Background. Neurologic deficit (paraplegia or paraparesis) remains a significant morbidity in the repair of descending thoracic aortic aneurysm.

Methods. Between February 1991 and February 2000, we operated on 182 patients for descending thoracic aortic aneurysm. For the purpose of this study—to identify the impact of the combined adjuncts distal aortic perfusion and cerebrospinal fluid (CSF) drainage on neurologic outcome—we selected the 148 of 182 nonemergent patients who had received conventional treatment (simple cross-clamping with or without adjuncts). The mean patient age was 61 years, and 49 of the 148 (33%) patients were women. Nine of the 148 patients (6%) had acute type B dissections. We compared the results of 105 of the 148 patients (71%) who received the combined adjuncts of CSF drainage and distal aortic perfusion with the remaining 43 (29%) patients who underwent repair using the simple cross-clamp with or without the addition of a single adjunct.
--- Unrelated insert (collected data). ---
(* Let $q$ be a prime power, $k\ge 2$, and let $\mathcal{L}$ be a Cameron-Liebler $k$-set of $\mathrm{AG}(n,q)$ with parameter $x$. Let $0\le i\le k-2$, let $I$ be an $i$-dimensional subspace of $\pi_\infty$, and let $\pi$ be an $(n-i-1)$-dimensional subspace of $\mathrm{PG}(n,q)$ disjoint from $I$. Let $\pi_A=\pi\setminus(\pi\cap\pi_\infty)$, an affine space isomorphic to $\mathrm{AG}(n-i-1,q)$ with hyperplane at infinity $\pi\cap\pi_\infty$, and let $\mathcal{J}=\{K\cap\pi: K\in\mathcal{L},\ I\subseteq K\}$, a set of $(k-i-1)$-spaces of $\pi_A$. If $n\ge 2k-i$ (and $n\ge k+2$), then $\mathcal{J}$ is a Cameron-Liebler $(k-i-1)$-set of $\pi_A$ with parameter $x$.
   Context: $\mathrm{AG}(n,q)$ is $\mathrm{PG}(n,q)$ with a hyperplane $\pi_\infty$ removed; affine points are points outside $\pi_\infty$, affine $k$-spaces are $k$-dimensional projective subspaces not contained in $\pi_\infty$. For an affine space $\mathrm{AG}(m,q)$ and $1\le j\le m-1$, with $A$ the incidence matrix of its affine points versus affine $j$-spaces, a set $\mathcal{M}$ of affine $j$-spaces is a Cameron-Liebler $j$-set if its characteristic vector lies in the real row space $\mathrm{Im}(A^T)$; its parameter is $|\mathcal{M}|/\left[{m\atop j}\right]_q$, where $\left[{a\atop b}\right]_q=\frac{(q^a-1)\cdots(q^{a-b+1}-1)}{(q^b-1)\cdots(q-1)}$. *)

theory Defs
  imports "HOL-Analysis.Analysis"
begin

text \<open>Model: PG(n,q) is the lattice of linear subspaces of the vector space
  'a^'n over a finite field 'a (q = CARD('a)), with n = CARD('n) - 1.
  A projective d-space is a linear subspace of (vector) dimension d+1.\<close>

definition proj_subspaces :: "nat \<Rightarrow> ('a::field ^ 'n::finite) set \<Rightarrow> ('a ^ 'n) set set" where
  "proj_subspaces d U = {S. vec.subspace S \<and> S \<subseteq> U \<and> vec.dim S = d + 1}"
lemma image_map_sat_transport:
  assumes "inj h" and "fst M = UNIV"
  shows "map h ` {ys. length ys = m \<and> set ys \<subseteq> fst M \<and> sat M (\<lambda>i. if i < m then ys ! i else p i) \<phi>} =
    {xs. length xs = m \<and> set xs \<subseteq> fst (transport h M) \<and>
      sat (transport h M) (\<lambda>i. if i < m then xs ! i else h (p i)) \<phi>}"
proof (intro set_eqI iffI)
  fix xs
  assume "xs \<in> map h ` {ys. length ys = m \<and> set ys \<subseteq> fst M \<and>
      sat M (\<lambda>i. if i < m then ys ! i else p i) \<phi>}"
  then obtain ys where "xs = map h ys" and "length ys = m"
    and "sat M (\<lambda>i. if i < m then ys ! i else p i) \<phi>"
    by blast
  then show "xs \<in> {xs. length xs = m \<and> set xs \<subseteq> fst (transport h M) \<and>
      sat (transport h M) (\<lambda>i. if i < m then xs ! i else h (p i)) \<phi>}"
    using sat_transport_tuple[OF assms] by (auto simp: transport_def)
next
  fix xs
  assume xs: "xs \<in> {xs. length xs = m \<and> set xs \<subseteq> fst (transport h M) \<and>
      sat (transport h M) (\<lambda>i. if i < m then xs ! i else h (p i)) \<phi>}"
  then have xs_eq: "map h (map (inv h) xs) = xs"
    by (simp add: map_idI f_inv_into_f subset_iff transport_def)
  from xs have "length (map (inv h) xs) = m"
    and "sat (transport h M) (\<lambda>i. if i < m then xs ! i else h (p i)) \<phi>"
    by auto
  then have "sat M (\<lambda>i. if i < m then map (inv h) xs ! i else p i) \<phi>"
    using sat_transport_tuple[OF assms, of "map (inv h) xs" m p \<phi>] unfolding xs_eq by blast
  with xs_eq show "xs \<in> map h ` {ys. length ys = m \<and> set ys \<subseteq> fst M \<and>
      sat M (\<lambda>i. if i < m then ys ! i else p i) \<phi>}"
    using xs assms(2) by (intro image_eqI[where f = "map h", OF xs_eq[symmetric]]) auto
qed

lemma definable_transport_iff:
  assumes "inj h" and "fst M = UNIV"
  shows "definable ar (transport h M) m D' \<longleftrightarrow> (\<exists>D. definable ar M m D \<and> D' = map h ` D)"
proof
  assume "definable ar (transport h M) m D'"
  then obtain \<phi> p where "wf_fm ar \<phi>" and "range p \<subseteq> range h"
    and D': "D' = {xs. length xs = m \<and> set xs \<subseteq> fst (transport h M) \<and>
      sat (transport h M) (\<lambda>i. if i < m then xs ! i else p i) \<phi>}"
    unfolding definable_def by (auto simp: transport_def)
  moreover from \<open>range p \<subseteq> range h\<close> have "(\<lambda>i. if i < m then xs ! i else h (inv h (p i))) =
      (\<lambda>i. if i < m then xs ! i else p i)" for xs
    by (intro ext) (simp add: f_inv_into_f range_subsetD)
  ultimately have "D' = map h ` {ys. length ys = m \<and> set ys \<subseteq> fst M \<and>
      sat M (\<lambda>i. if i < m then ys ! i else inv h (p i)) \<phi>}"
    using image_map_sat_transport[OF assms, of m "\<lambda>n. inv h (p n)" \<phi>] by (simp only:)
  moreover have "definable ar M m {ys. length ys = m \<and> set ys \<subseteq> fst M \<and>
      sat M (\<lambda>i. if i < m then ys ! i else inv h (p i)) \<phi>}"
    unfolding definable_def using \<open>wf_fm ar \<phi>\<close> assms(2)
    by (intro exI[of _ \<phi>] exI[of _ "\<lambda>n. inv h (p n)"]) simp
  ultimately show "\<exists>D. definable ar M m D \<and> D' = map h ` D"
    by blast
next
  assume "\<exists>D. definable ar M m D \<and> D' = map h ` D"
  then obtain D where "definable ar M m D" and "D' = map h ` D"
    by blast
  then obtain \<phi> p where "wf_fm ar \<phi>" and D': "D' = map h ` {ys. length ys = m \<and> set ys \<subseteq> fst M \<and>
      sat M (\<lambda>i. if i < m then ys ! i else p i) \<phi>}"
    unfolding definable_def by blast
  then show "definable ar (transport h M) m D'"
    unfolding definable_def D' image_map_sat_transport[OF assms]
    by (intro exI[of _ \<phi>] exI[of _ "\<lambda>n. h (p n)"]) (auto simp: transport_def)
qed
Results. Overall 30-day mortality was 13 of 148 patients (8.8%). Overall early neurologic deficit was 4 of 148 (2.7%): 1 of 105 (0.9%) patients who had received distal aortic perfusion and CSF drainage, versus 3 of 43 (7%) in all other patients (p < 0.04).

Conclusions. In our practice the use of the combined adjuncts of CSF drainage and distal aortic perfusion has all but eliminated the incidence of immediate postoperative neurologic deficit in nonemergent patients with aneurysms of the descending thoracic aorta.